text \<open>Trace norm ||K||_1 (= tr|K|), as the nuclear norm.\<close>
definition trace_norm :: "('a \<Rightarrow> 'a \<Rightarrow> complex) \<Rightarrow> real" where
  "trace_norm K = Inf {(\<Sum>k. l2norm (u k) * l2norm (v k)) | u v. nuclear_rep K u v}"

definition bounded_superop :: "(('a \<Rightarrow> 'a \<Rightarrow> complex) \<Rightarrow> ('a \<Rightarrow> 'a \<Rightarrow> complex)) \<Rightarrow> bool" where
  "bounded_superop T \<longleftrightarrow>
     (\<forall>A. trace_class A \<longrightarrow> trace_class (T A)) \<and>
     (\<forall>A B. trace_class A \<longrightarrow> trace_class B \<longrightarrow> T (\<lambda>i j. A i j + B i j) = (\<lambda>i j. T A i j + T B i j)) \<and>
     (\<forall>c A. trace_class A \<longrightarrow> T (\<lambda>i j. c * A i j) = (\<lambda>i j. c * T A i j)) \<and>
     (\<exists>C. \<forall>A. trace_class A \<longrightarrow> trace_norm (T A) \<le> C * trace_norm A)"

definition superop_norm :: "(('a \<Rightarrow> 'a \<Rightarrow> complex) \<Rightarrow> ('a \<Rightarrow> 'a \<Rightarrow> complex)) \<Rightarrow> real" where
  "superop_norm T = (SUP A\<in>{A. trace_class A \<and> trace_norm A \<le> 1}. trace_norm (T A))"

definition vec_norm :: "('n::finite \<Rightarrow> complex) \<Rightarrow> real" where
  "vec_norm w = sqrt (\<Sum>a\<in>UNIV. (norm (w a))\<^sup>2)"

definition mat_opnorm :: "('n::finite \<Rightarrow> 'n \<Rightarrow> complex) \<Rightarrow> real" where
  "mat_opnorm M = (SUP w\<in>{w. vec_norm w \<le> 1}. vec_norm (\<lambda>a. \<Sum>b\<in>UNIV. M a b * w b))"

definition matmap_norm :: "(('n::finite \<Rightarrow> 'n \<Rightarrow> complex) \<Rightarrow> ('n \<Rightarrow> 'n \<Rightarrow> complex)) \<Rightarrow> real" where
  "matmap_norm \<Phi> = (SUP M\<in>{M. mat_opnorm M \<le> 1}. mat_opnorm (\<Phi> M))"

text \<open>M \<otimes> |x0><y0| as a kernel.\<close>
definition elem_op :: "('n \<Rightarrow> 'n \<Rightarrow> complex) \<Rightarrow> int ^ 'd \<Rightarrow> int ^ 'd \<Rightarrow> ('d,'n) kernel" where
  "elem_op M x0 y0 = (\<lambda>(x,a) (y,b). if x = x0 \<and> y = y0 then M a b else 0)"
text \<open>By induction on the order, every iterated partial derivative of \<open>b\<^sub>0 (|x|)\<close> is
  a finite sum of terms \<open>c \<cdot> b\<^sub>0\<^sup>(\<^sup>j\<^sup>)(|x|) \<cdot> \<omega>\<^sup>g \<cdot> |x|\<^sup>-\<^sup>m\<close> with \<open>j + m = n\<close>, where the
  direction cosines \<open>\<omega>\<^sub>l = x\<^sub>l / |x|\<close> are bounded by \<open>1\<close> and the coefficients of the terms with a
  fixed \<open>j\<close> sum to at most \<open>4\<^sup>n n! / j!\<close>. On \<open>|x| > s\<close> one has
  \<open>|x|\<^sup>-\<^sup>1 \<le> (\<langle>s\<rangle> / s) \<langle>x\<rangle>\<^sup>-\<^sup>1 \<le> (\<langle>s\<rangle> / s) \<langle>x\<rangle>\<^sup>-\<^sup>\<rho>\<close>, so the estimate for \<open>\<partial>\<^sup>\<alpha>b\<close> reduces to
  \<open>4\<^sup>n h\<^sup>j K\<^sup>n\<^sup>-\<^sup>j a\<^sub>j \<le> D (h'/2)\<^sup>n a\<^sub>n\<close> for \<open>a\<^sub>p = A\<^sub>p / p!\<close>, which is log-convex by (M.4) and hence
  increasing. In the Roumieu case this holds with \<open>h' = 8 max(h, 1) K\<close>. In the Beurling case
  (M.3)' forces \<open>a\<^sub>p\<^sub>+\<^sub>1 / a\<^sub>p \<rightarrow> \<infinity>\<close>, so that \<open>a\<^sub>j M\<^sup>n\<^sup>-\<^sup>j \<le> M\<^sup>P a\<^sub>n\<close> for every \<open>M\<close>, which
  absorbs any fixed geometric loss.\<close>

section \<open>Derivatives of radial functions\<close>

lemma has_real_derivative_norm_along_axis:
  fixes x :: "real^'n"
  assumes "x \<noteq> 0"
  shows "((\<lambda>t. norm (x + t *\<^sub>R axis i 1)) has_real_derivative x$i / norm x) (at 0)"
proof -
  have "(norm has_derivative (\<lambda>h. h \<bullet> sgn x)) (at (x + 0 *\<^sub>R axis i 1))"
    using has_derivative_norm[OF assms] by simp
  moreover have "((\<lambda>t. x + t *\<^sub>R axis i 1) has_derivative (\<lambda>t. t *\<^sub>R axis i 1)) (at 0)"
    by (auto intro!: derivative_eq_intros)
  ultimately have "((\<lambda>t. norm (x + t *\<^sub>R axis i 1)) has_derivative (\<lambda>t. (t *\<^sub>R axis i 1) \<bullet> sgn x)) (at 0)"
    using has_derivative_compose by fastforce
  moreover have "(\<lambda>t. (t *\<^sub>R axis i (1::real)) \<bullet> sgn x) = (*) (x$i / norm x)"
    by (rule ext) (simp add: cart_eq_inner_axis sgn_div_norm inner_commute field_simps)
  ultimately show ?thesis
    unfolding has_field_derivative_def by simp
qed

lemma has_real_derivative_dircos_along_axis:
  fixes x :: "real^'n"
  assumes "x \<noteq> 0"
  shows "((\<lambda>t. (x + t *\<^sub>R axis i 1)$l / norm (x + t *\<^sub>R axis i 1)) has_real_derivative
           ((if l = i then 1 else 0) - x$l / norm x * (x$i / norm x)) / norm x) (at 0)"
proof -
  have "((\<lambda>t. (x + t *\<^sub>R axis i 1)$l) has_real_derivative (if l = i then 1 else 0)) (at 0)"
    by (auto simp: axis_def intro!: derivative_eq_intros)
  from DERIV_divide[OF this has_real_derivative_norm_along_axis[OF assms]] show ?thesis
    by (rule DERIV_cong) (use assms in \<open>auto simp: field_simps power2_eq_square\<close>)
qed

definition dircos_monomial :: "real^'n \<Rightarrow> 'n list \<Rightarrow> real" where
  "dircos_monomial x g = (\<Prod>l\<leftarrow>g. x$l / norm x)"

definition dircos_poly :: "real^'n \<Rightarrow> (real \<times> 'n list) list \<Rightarrow> real" where
  "dircos_poly x L = (\<Sum>(c, g)\<leftarrow>L. c * dircos_monomial x g)"

text \<open>The derivative \<open>\<partial>\<^sub>i (x\<^sub>l / |x|) = (\<delta>\<^sub>i\<^sub>l - x\<^sub>i x\<^sub>l / |x|\<^sup>2) / |x|\<close> turns
  \<open>|x| \<partial>\<^sub>i\<close> of a monomial in the direction cosines into a polynomial in them.\<close>
fun dircos_monomial_deriv :: "'n \<Rightarrow> 'n list \<Rightarrow> (real \<times> 'n list) list" where
  "dircos_monomial_deriv i [] = []"
| "dircos_monomial_deriv i (l # g) =
     (if l = i then [(1, g)] else []) @ (-1, i # l # g)
       # map (\<lambda>(c, g'). (c, l # g')) (dircos_monomial_deriv i g)"

lemma dircos_poly_Nil [simp]: "dircos_poly x [] = 0"
  and dircos_poly_Cons [simp]: "dircos_poly x ((c, g) # L) = c * dircos_monomial x g + dircos_poly x L"
  and dircos_poly_append [simp]: "dircos_poly x (L1 @ L2) = dircos_poly x L1 + dircos_poly x L2"
  by (simp_all add: dircos_poly_def)

lemma dircos_poly_map_Cons:
  "dircos_poly x (map (\<lambda>(c, g). (c, l # g)) L) = x$l / norm x * dircos_poly x L"
  by (induct L) (auto simp: dircos_poly_def dircos_monomial_def algebra_simps)

lemma has_real_derivative_dircos_monomial:
  fixes x :: "real^'n"
  assumes "x \<noteq> 0"
  shows "((\<lambda>t. dircos_monomial (x + t *\<^sub>R axis i 1) g) has_real_derivative
           dircos_poly x (dircos_monomial_deriv i g) / norm x) (at 0)"
proof (induct g)
  case Nil
  then show ?case by (simp add: dircos_monomial_def)
next
  case (Cons l g)
  have "((\<lambda>t. (x + t *\<^sub>R axis i 1)$l / norm (x + t *\<^sub>R axis i 1)
           * dircos_monomial (x + t *\<^sub>R axis i 1) g) has_real_derivative
          dircos_poly x (dircos_monomial_deriv i (l # g)) / norm x) (at 0)"
    using DERIV_mult[OF has_real_derivative_dircos_along_axis[OF assms] Cons]
    by (rule DERIV_cong) (use assms in \<open>simp add: dircos_poly_map_Cons dircos_monomial_def field_simps\<close>)
  then show ?case
    by (simp add: dircos_monomial_def)
qed

type_synonym 'n radial_term = "real \<times> nat \<times> 'n list \<times> nat"

definition radial_term_val :: "(real \<Rightarrow> real) \<Rightarrow> real^'n \<Rightarrow> 'n radial_term \<Rightarrow> real" where
  "radial_term_val b0 x \<tau> = (case \<tau> of (c, j, g, m) \<Rightarrow>
     c * (deriv ^^ j) b0 (norm x) * dircos_monomial x g * (1 / norm x) ^ m)"

definition radial_sum :: "(real \<Rightarrow> real) \<Rightarrow> real^'n \<Rightarrow> 'n radial_term list \<Rightarrow> real" where
  "radial_sum b0 x T = (\<Sum>\<tau>\<leftarrow>T. radial_term_val b0 x \<tau>)"

lemma radial_sum_Nil [simp]: "radial_sum b0 x [] = 0"
  and radial_sum_Cons [simp]: "radial_sum b0 x (\<tau> # T) = radial_term_val b0 x \<tau> + radial_sum b0 x T"
  and radial_sum_append [simp]: "radial_sum b0 x (T1 @ T2) = radial_sum b0 x T1 + radial_sum b0 x T2"
  by (simp_all add: radial_sum_def)

lemma radial_sum_map_dircos:
  "radial_sum b0 x (map (\<lambda>(c', g). (c * c', j, g, m)) L)
     = c * (deriv ^^ j) b0 (norm x) * (1 / norm x) ^ m * dircos_poly x L"
  by (induct L) (auto simp: radial_term_val_def algebra_simps)

fun radial_term_deriv :: "'n \<Rightarrow> 'n radial_term \<Rightarrow> 'n radial_term list" where
  "radial_term_deriv i (c, j, g, m) =
     (c, Suc j, i # g, m) # (- (c * real m), j, i # g, Suc m)
       # map (\<lambda>(c', g'). (c * c', j, g', Suc m)) (dircos_monomial_deriv i g)"

fun radial_expansion :: "'n list \<Rightarrow> 'n radial_term list" where
  "radial_expansion [] = [(1, 0, [], 0)]"
| "radial_expansion (i # js) = concat (map (radial_term_deriv i) (radial_expansion js))"

lemma has_real_derivative_inverse_norm_power_along_axis:
  fixes x :: "real^'n"
  assumes "x \<noteq> 0"
  shows "((\<lambda>t. (1 / norm (x + t *\<^sub>R axis i 1)) ^ m) has_real_derivative
           - (real m * (x$i / norm x) * (1 / norm x) ^ Suc m)) (at 0)"
proof -
  have "norm x \<noteq> 0" using assms by simp
  have "((\<lambda>t. 1 / norm (x + t *\<^sub>R axis i 1)) has_real_derivative - (x$i / norm x * (1 / norm x)\<^sup>2)) (at 0)"
    by (rule DERIV_cong[OF DERIV_divide[OF DERIV_const has_real_derivative_norm_along_axis[OF assms]]])
      (use \<open>norm x \<noteq> 0\<close> in \<open>simp_all add: field_simps power2_eq_square\<close>)
  from DERIV_power[OF this] show ?thesis
    by (rule DERIV_cong) (use \<open>norm x \<noteq> 0\<close> in \<open>cases m, simp_all add: field_simps power2_eq_square\<close>)
qed

lemma has_real_derivative_radial_profile_along_axis:
  fixes x :: "real^'n"
  assumes "x \<noteq> 0" and "(deriv ^^ j) b0 differentiable (at (norm x))"
  shows "((\<lambda>t. (deriv ^^ j) b0 (norm (x + t *\<^sub>R axis i 1))) has_real_derivative
           (deriv ^^ Suc j) b0 (norm x) * (x$i / norm x)) (at 0)"
proof -
  have "((deriv ^^ j) b0 has_real_derivative (deriv ^^ Suc j) b0 (norm x)) (at (norm (x + 0 *\<^sub>R axis i 1)))"
    using assms(2) by (simp add: DERIV_deriv_iff_real_differentiable)
  from DERIV_chain2[OF this has_real_derivative_norm_along_axis[OF assms(1)]] show ?thesis .
qed

lemma has_real_derivative_radial_term_along_axis:
  fixes x :: "real^'n"
  assumes "x \<noteq> 0" and "\<And>k. (deriv ^^ k) b0 differentiable (at (norm x))"
  shows "((\<lambda>t. radial_term_val b0 (x + t *\<^sub>R axis i 1) \<tau>) has_real_derivative
           radial_sum b0 x (radial_term_deriv i \<tau>)) (at 0)"
proof -
  obtain c j g m where \<tau>: "\<tau> = (c, j, g, m)" by (cases \<tau>) auto
  note dprofile = has_real_derivative_radial_profile_along_axis[OF assms, of j i]
  note dmonomial = has_real_derivative_dircos_monomial[OF assms(1), of i g]
  note dpower = has_real_derivative_inverse_norm_power_along_axis[OF assms(1), of i m]
  have "((\<lambda>t. c * (deriv ^^ j) b0 (norm (x + t *\<^sub>R axis i 1)) * dircos_monomial (x + t *\<^sub>R axis i 1) g
           * (1 / norm (x + t *\<^sub>R axis i 1)) ^ m) has_real_derivative
          radial_sum b0 x (radial_term_deriv i \<tau>)) (at 0)"
    using DERIV_mult[OF DERIV_mult[OF DERIV_cmult[OF dprofile, of c] dmonomial] dpower]
    by (rule DERIV_cong)
      (use assms(1) in \<open>simp only: \<tau> radial_term_deriv.simps radial_sum_Cons radial_sum_map_dircos,
        simp add: radial_term_val_def dircos_monomial_def algebra_simps\<close>)
  then show ?thesis by (simp add: \<tau> radial_term_val_def)
qed

lemma has_real_derivative_radial_sum_along_axis:
  fixes x :: "real^'n"
  assumes "x \<noteq> 0" and "\<And>k. (deriv ^^ k) b0 differentiable (at (norm x))"
  shows "((\<lambda>t. radial_sum b0 (x + t *\<^sub>R axis i 1) T) has_real_derivative
           radial_sum b0 x (concat (map (radial_term_deriv i) T))) (at 0)"
  by (induct T) (auto intro!: DERIV_add has_real_derivative_radial_term_along_axis assms)

lemma eventually_norm_gt_along_axis:
  fixes x :: "real^'n"
  assumes "norm x > s"
  shows "eventually (\<lambda>t. s < norm (x + t *\<^sub>R axis i 1)) (nhds 0)"
proof -
  have "open {t::real. s < norm (x + t *\<^sub>R axis i 1)}"
    by (intro open_Collect_less continuous_intros)
  with assms show ?thesis
    using eventually_nhds_in_open[of "{t::real. s < norm (x + t *\<^sub>R axis i 1)}" 0] by simp
qed

lemma Cinf_on1_differentiable:
  "Cinf_on1 S f \<Longrightarrow> t \<in> S \<Longrightarrow> (deriv ^^ k) f differentiable (at t)"
  by (simp add: Cinf_on1_def)

lemma has_real_derivative_along_axis_radial_expansion:
  fixes x :: "real^'n"
  assumes "s \<ge> 0" and b0: "Cinf_on1 {s<..} b0" and x: "norm x > s"
    and f: "\<And>y. norm y > s \<Longrightarrow> f y = radial_sum b0 y (radial_expansion js)"
  shows "((\<lambda>t. f (x + t *\<^sub>R axis i 1)) has_real_derivative
           radial_sum b0 x (radial_expansion (i # js))) (at 0)"
proof -
  have "x \<noteq> 0" using assms(1) x by auto
  have "eventually (\<lambda>t. f (x + t *\<^sub>R axis i 1)
          = radial_sum b0 (x + t *\<^sub>R axis i 1) (radial_expansion js)) (nhds 0)"
    using eventually_norm_gt_along_axis[OF x, of i] by (auto elim: eventually_mono intro: f)
  with has_real_derivative_radial_sum_along_axis[OF \<open>x \<noteq> 0\<close> Cinf_on1_differentiable[OF b0]]
  show ?thesis
    using x by (auto intro: DERIV_cong_ev[THEN iffD2, OF refl _ refl])
qed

● **ASSIGNMENT**:
Copy only the entries from the first line to the line with "l2norm (u k)", each exactly as it appears.

● **SOLUTION TO THE PROBLEM**:
text \<open>Trace norm ||K||_1 (= tr|K|), as the nuclear norm.\<close>
definition trace_norm :: "('a \<Rightarrow> 'a \<Rightarrow> complex) \<Rightarrow> real" where
  "trace_norm K = Inf {(\<Sum>k. l2norm (u k) * l2norm (v k)) | u v. nuclear_rep K u v}"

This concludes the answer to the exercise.